» How to complete this task
Go to the line holding "real j \<and>" in the entries below and write out exactly every line down to and including the line holding "False by auto".

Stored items
text \<open>Expanding the product \<open>(\<Sum>v)^t\<close> over tuples of distinct indices loses at most \<open>c\<close> per
  factor: after an index is used, the remaining weights still sum to at least \<open>\<Sum>v - c\<close>.\<close>
lemma prod_sum_diff_le_sum_distinct_tuples:
  fixes v :: "'a \<Rightarrow> real"
  assumes "finite I" and "\<And>i. i \<in> I \<Longrightarrow> 0 \<le> v i \<and> v i \<le> c"
    and "c * real t \<le> (\<Sum>i\<in>I. v i) + c"
  shows "(\<Prod>j<t. (\<Sum>i\<in>I. v i) - c * real j) \<le> (\<Sum>xs\<in>distinct_tuples t I. prod_list (map v xs))"
  using assms
proof (induction t arbitrary: I)
  case 0
  then show ?case by (simp add: distinct_tuples_0)
next
  case (Suc t)
  define s where "s = (\<Sum>i\<in>I. v i)"
  have sum_remove: "(\<Sum>i\<in>I - {i}. v i) = s - v i" if "i \<in> I" for i
    unfolding s_def using Suc.prems(1) that by (simp add: sum_diff1)
  have IH: "(\<Prod>j<t. s - c - c * real j) \<le> (\<Sum>ys\<in>distinct_tuples t (I - {i}). prod_list (map v ys))"
    if i: "i \<in> I" for i
  proof -
    have "(\<Prod>j<t. s - c - c * real j) \<le> (\<Prod>j<t. (\<Sum>i\<in>I - {i}. v i) - c * real j)"
    proof (rule prod_mono)
      fix j assume "j \<in> {..<t}"
      then have "c * (real j + 1) \<le> c * real t"
        using Suc.prems(2)[OF i] by (intro mult_left_mono) auto
      then show "0 \<le> s - c - c * real j \<and> s - c - c * real j \<le> (\<Sum>i\<in>I - {i}. v i) - c * real j"
        using Suc.prems(2)[OF i] Suc.prems(3) sum_remove[OF i] by (auto simp: s_def algebra_simps)
    qed
    also have "\<dots> \<le> (\<Sum>ys\<in>distinct_tuples t (I - {i}). prod_list (map v ys))"
      using Suc.prems Suc.prems(2)[OF i] sum_remove[OF i]
      by (intro Suc.IH) (auto simp: s_def algebra_simps)
    finally show ?thesis .
  qed
  have "(\<Prod>j<Suc t. s - c * real j) = s * (\<Prod>j<t. s - c - c * real j)"
    by (subst prod.lessThan_Suc_shift) (simp add: algebra_simps)
  also have "\<dots> = (\<Sum>i\<in>I. v i * (\<Prod>j<t. s - c - c * real j))"
    by (simp add: s_def sum_distrib_right)
  also have "\<dots> \<le> (\<Sum>i\<in>I. v i * (\<Sum>ys\<in>distinct_tuples t (I - {i}). prod_list (map v ys)))"
    using IH Suc.prems(2) by (intro sum_mono mult_left_mono) auto
  also have "\<dots> = (\<Sum>xs\<in>distinct_tuples (Suc t) I. prod_list (map v xs))"
    unfolding distinct_tuples_Suc using Suc.prems(1)
    by (subst sum.UNION_disjoint)
       (auto simp: finite_distinct_tuples sum.reindex inj_on_def sum_distrib_left)
  finally show ?case by (simp add: s_def)
qed

lemma power_le_average_distinct_tuples:
  fixes v :: "nat \<Rightarrow> real"
  assumes bounds: "\<And>i. i < n \<Longrightarrow> 0 \<le> v i \<and> v i \<le> c" and "t \<le> n"
    and sum: "c * real t \<le> (\<Sum>i<n. v i)"
  shows "(((\<Sum>i<n. v i) - c * real t) / real n) ^ t
    \<le> (\<Sum>xs\<in>distinct_tuples t {..<n}. prod_list (map v xs)) / card (distinct_tuples t {..<n})"
proof (cases "n = 0")
  case True
  then show ?thesis using \<open>t \<le> n\<close> by (simp add: distinct_tuples_0)
next
  case False
  define s where "s = (\<Sum>i<n. v i)"
  define D where "D = distinct_tuples t {..<n}"
  have c: "0 \<le> c" using bounds[of 0] False by auto
  have s: "0 \<le> s - c * real t" using sum by (simp add: s_def)
  have D: "0 < real (card D)" "real (card D) \<le> real n ^ t"
    using card_distinct_tuples_pos[OF \<open>t \<le> n\<close>] card_distinct_tuples_le[of t n]
    by (simp_all add: D_def flip: of_nat_power)
  have "(s - c * real t) ^ t = (\<Prod>j<t. s - c * real t)" by simp
  also have "\<dots> \<le> (\<Prod>j<t. s - c * real j)"
    using s c by (intro prod_mono) (auto intro: mult_left_mono)
  also have "\<dots> \<le> (\<Sum>xs\<in>D. prod_list (map v xs))"
    unfolding s_def D_def
    using bounds sum c by (intro prod_sum_diff_le_sum_distinct_tuples) auto
  finally have expand: "(s - c * real t) ^ t \<le> (\<Sum>xs\<in>D. prod_list (map v xs))" .
  have "((s - c * real t) / real n) ^ t = (s - c * real t) ^ t / real n ^ t"
    by (simp add: power_divide)
  also have "\<dots> \<le> (s - c * real t) ^ t / real (card D)"
    using s D False by (intro divide_left_mono) auto
  also have "\<dots> \<le> (\<Sum>xs\<in>D. prod_list (map v xs)) / real (card D)"
    using expand D by (intro divide_right_mono) auto
  finally show ?thesis by (simp add: s_def D_def)
qed
theorem mainTheorem6:
  fixes \<phi> :: "('a::complex_hilbert \<Rightarrow> 'a) \<Rightarrow> ('a \<Rightarrow> 'a)"
  assumes "infinite_dim TYPE('a)"
    and "bij_betw \<phi> BH BH"
    and "\<forall>A\<in>BH. \<forall>B\<in>BH. \<forall>X\<in>BH.
           douglas_solution A B X \<longleftrightarrow> douglas_solution (\<phi> A) (\<phi> B) (\<phi> X)"
  shows "(\<forall>A\<in>BH. \<forall>B\<in>BH. range A \<subseteq> range B \<longleftrightarrow> range (\<phi> A) \<subseteq> range (\<phi> B))
    \<and> (\<forall>B\<in>BH. rank_one B \<longrightarrow> rank_one (\<phi> B))
    \<and> (\<exists>\<psi>. (\<forall>A\<in>BH. \<psi> (range A) = range (\<phi> A)) \<and> bij_betw \<psi> lines lines)"
proof -
  have img: "\<phi> ` BH = BH" using assms(2) by (simp add: bij_betw_def)
  note le = douglas_preserver_range_subset_iff[OF img assms(3)]
  show ?thesis
    using le rank_one_image_iff[OF img le] range_map_bij_lines[OF img le] by blast
qed

end
lemma K_Delta_eq: "K_Delta m lam eta = {\<sigma>. 0 \<notin> \<sigma> \<and> (\<exists>x\<in>Poly m lam eta. \<sigma> \<subseteq> active m lam eta x)}"
proof -
  have "\<sigma> \<in> K_Delta m lam eta \<longleftrightarrow> 0 \<notin> \<sigma> \<and> (\<exists>x\<in>Poly m lam eta. \<sigma> \<subseteq> active m lam eta x)" for \<sigma>
  proof (cases "\<sigma> = {}")
    case True
    then show ?thesis using cut_point_exists by (auto simp: K_Delta_def)
  next
    case False
    then have "(\<Inter>i\<in>\<sigma>. Facet m lam eta i) = {x\<in>Poly m lam eta. \<forall>i\<in>\<sigma>. x \<bullet> lam i + eta i = 0}"
      by (auto simp: Facet_def Hyp_def)
    then have "\<sigma> \<in> K_Delta m lam eta \<longleftrightarrow>
        \<sigma> \<subseteq> {1..m} \<and> (\<exists>x\<in>Poly m lam eta. \<forall>i\<in>\<sigma>. x \<bullet> lam i + eta i = 0)"
      using False unfolding K_Delta_def by auto
    then show ?thesis
      unfolding subset_atLeast1_iff subset_active_iff by blast
  qed
  then show ?thesis by blast
qed

lemma card_active_vertex:
  assumes "x extreme_point_of Poly m lam eta"
  shows "card (active m lam eta x - {0}) = DIM('a)"
proof -
  have "x \<in> Poly m lam eta"
    using assms by (simp add: extreme_point_of_def)
  then have "{i\<in>{1..m}. x \<in> Facet m lam eta i} = active m lam eta x - {0}"
    by (auto simp: active_facets_eq Facet_def Hyp_def)
  moreover have "card {i\<in>{1..m}. x \<in> Facet m lam eta i} = DIM('a)"
    using simple assms unfolding simple_polytope_def by blast
  ultimately show ?thesis
    by simp
qed

lemma span_active_vertex:
  assumes "x extreme_point_of Poly m lam eta"
  shows "span (lam ` (active m lam eta x - {0})) = UNIV"
proof -
  have "x extreme_point_of ineq_set {1..m} lam eta (\<lambda>_. 1)"
    using assms by (simp only: Poly_eq_ineq_set)
  then show ?thesis
    unfolding active_facets_eq by (rule span_active_if_extreme_point[OF finite_atLeastAtMost])
qed

lemma off_cut_if_spanning:
  assumes "\<sigma> \<subseteq> {1..m}" "span (lam ` \<sigma>) = UNIV" "\<forall>j\<in>\<sigma>. x \<bullet> lam j + eta j = 0"
  shows "x \<bullet> lam 0 + eta 0 \<noteq> 0"
proof
  assume on_cut: "x \<bullet> lam 0 + eta 0 = 0"
  have point: "(\<Inter>j\<in>\<sigma>. Hyp lam eta j) = {x}"
  proof (intro equalityI subsetI)
    fix y
    assume "y \<in> (\<Inter>j\<in>\<sigma>. Hyp lam eta j)"
    then show "y \<in> {x}"
      using eq_if_tight_on_spanning[OF assms(2,3), of y] by (simp add: Hyp_def)
  qed (use assms(3) in \<open>simp add: Hyp_def\<close>)
  have "\<forall>\<sigma>. \<sigma> \<subseteq> {1..m} \<longrightarrow> (let L = \<Inter>j\<in>\<sigma>. Hyp lam eta j in
      L \<noteq> {} \<longrightarrow> Hyp lam eta 0 \<inter> L = {} \<or> aff_dim (Hyp lam eta 0 \<inter> L) = aff_dim L - 1)"
    using generic unfolding generic_cut_def by (rule conjunct1)
  from this[rule_format, OF assms(1)]
  have "Hyp lam eta 0 \<inter> {x} = {} \<or> aff_dim (Hyp lam eta 0 \<inter> {x}) = aff_dim {x} - 1"
    unfolding point Let_def by simp
  moreover have "Hyp lam eta 0 \<inter> {x} = {x}"
    using on_cut by (auto simp: Hyp_def)
  ultimately show False
    by simp
qed

lemma vertex_off_cut:
  assumes "x extreme_point_of Poly m lam eta"
  shows "x \<bullet> lam 0 + eta 0 \<noteq> 0"
  by (rule off_cut_if_spanning[OF _ span_active_vertex[OF assms]]) (auto simp: active_def)

lemma span_active_extreme_point_Half:
  assumes "x extreme_point_of Half m lam eta s"
  shows "span (lam ` active m lam eta x) = UNIV"
proof -
  have "x extreme_point_of ineq_set {0..m} lam eta (\<lambda>j. if j = 0 then s else 1)"
    using assms by (simp only: Half_eq_ineq_set)
  then show ?thesis
    unfolding active_def by (rule span_active_if_extreme_point[OF finite_atLeastAtMost])
qed
lemma subsp_fullspace: "subsp R n (fullspace R n)"
  by (auto simp: subsp_def vzero_in vadd_in vsmul_in)

lemma subsp_finite: "subsp R n W \<Longrightarrow> finite W"
  using finite_fullspace by (auto simp: subsp_def intro: finite_subset)

lemma subsp_nonempty: "subsp R n W \<Longrightarrow> W \<noteq> {}"
  by (auto simp: subsp_def)

lemma minimal_spanning_set:
  assumes W: "subsp R n W"
  obtains B where "finite B" "card B = vdim R n W" "B \<subseteq> W" "vspan R n B = W"
    "\<And>B'. finite B' \<Longrightarrow> B' \<subseteq> W \<Longrightarrow> vspan R n B' = W \<Longrightarrow> card B \<le> card B'"
proof -
  let ?P = "\<lambda>k. \<exists>B. finite B \<and> card B = k \<and> B \<subseteq> W \<and> vspan R n B = W"
  have "?P (card W)" using W subsp_finite vspan_subsp by blast
  then have "?P (vdim R n W)" unfolding vdim_def by (rule LeastI)
  then obtain B where B: "finite B" "card B = vdim R n W" "B \<subseteq> W" "vspan R n B = W" by blast
  have "card B \<le> card B'" if "finite B'" "B' \<subseteq> W" "vspan R n B' = W" for B'
    using that B(2) unfolding vdim_def by (metis (mono_tags, lifting) Least_le)
  with B that show ?thesis by blast
qed

text \<open>A span of B has at most q^|B| elements: every element is a combination with
  coefficients in B \<rightarrow> F.\<close>
lemma card_vspan_le:
  assumes "finite B" "B \<subseteq> fullspace R n"
  shows "card (vspan R n B) \<le> card (carrier R) ^ card B"
proof -
  have "vspan R n B \<subseteq> (\<lambda>c. lincomb R n c B) ` (B \<rightarrow>\<^sub>E carrier R)"
  proof
    fix x assume "x \<in> vspan R n B"
    then obtain c X where x: "x = lincomb R n c X" "finite X" "X \<subseteq> B" "c \<in> X \<rightarrow> carrier R"
      unfolding vspan_def by blast
    let ?c = "restrict (\<lambda>z. if z \<in> X then c z else \<zero>) B"
    have "lincomb R n ?c B = lincomb R n (\<lambda>z. if z \<in> X then c z else \<zero>) B"
      using x assms by (intro lincomb_cong) auto
    also have "\<dots> = x" using x assms by (simp add: lincomb_ext0)
    finally show "x \<in> (\<lambda>c. lincomb R n c B) ` (B \<rightarrow>\<^sub>E carrier R)"
      using x by (intro image_eqI[of _ _ ?c]) (auto simp: Pi_iff)
  qed
  then have "card (vspan R n B) \<le> card (B \<rightarrow>\<^sub>E carrier R)"
    using assms finite_field by (intro surj_card_le) (auto intro: finite_PiE)
  then show ?thesis by (simp add: card_PiE assms(1))
qed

» Response
      then show "0 \<le> s - c - c * real j \<and> s - c - c * real j \<le> (\<Sum>i\<in>I - {i}. v i) - c * real j"
        using Suc.prems(2)[OF i] Suc.prems(3) sum_remove[OF i] by (auto simp: s_def algebra_simps)
    qed
    also have "\<dots> \<le> (\<Sum>ys\<in>distinct_tuples t (I - {i}). prod_list (map v ys))"
      using Suc.prems Suc.prems(2)[OF i] sum_remove[OF i]
      by (intro Suc.IH) (auto simp: s_def algebra_simps)
    finally show ?thesis .
  qed
  have "(\<Prod>j<Suc t. s - c * real j) = s * (\<Prod>j<t. s - c - c * real j)"
    by (subst prod.lessThan_Suc_shift) (simp add: algebra_simps)
  also have "\<dots> = (\<Sum>i\<in>I. v i * (\<Prod>j<t. s - c - c * real j))"
    by (simp add: s_def sum_distrib_right)
  also have "\<dots> \<le> (\<Sum>i\<in>I. v i * (\<Sum>ys\<in>distinct_tuples t (I - {i}). prod_list (map v ys)))"
    using IH Suc.prems(2) by (intro sum_mono mult_left_mono) auto
  also have "\<dots> = (\<Sum>xs\<in>distinct_tuples (Suc t) I. prod_list (map v xs))"
    unfolding distinct_tuples_Suc using Suc.prems(1)
    by (subst sum.UNION_disjoint)
       (auto simp: finite_distinct_tuples sum.reindex inj_on_def sum_distrib_left)
  finally show ?case by (simp add: s_def)
qed

lemma power_le_average_distinct_tuples:
  fixes v :: "nat \<Rightarrow> real"
  assumes bounds: "\<And>i. i < n \<Longrightarrow> 0 \<le> v i \<and> v i \<le> c" and "t \<le> n"
    and sum: "c * real t \<le> (\<Sum>i<n. v i)"
  shows "(((\<Sum>i<n. v i) - c * real t) / real n) ^ t
    \<le> (\<Sum>xs\<in>distinct_tuples t {..<n}. prod_list (map v xs)) / card (distinct_tuples t {..<n})"
proof (cases "n = 0")
  case True
  then show ?thesis using \<open>t \<le> n\<close> by (simp add: distinct_tuples_0)
next
  case False
  define s where "s = (\<Sum>i<n. v i)"
  define D where "D = distinct_tuples t {..<n}"
  have c: "0 \<le> c" using bounds[of 0] False by auto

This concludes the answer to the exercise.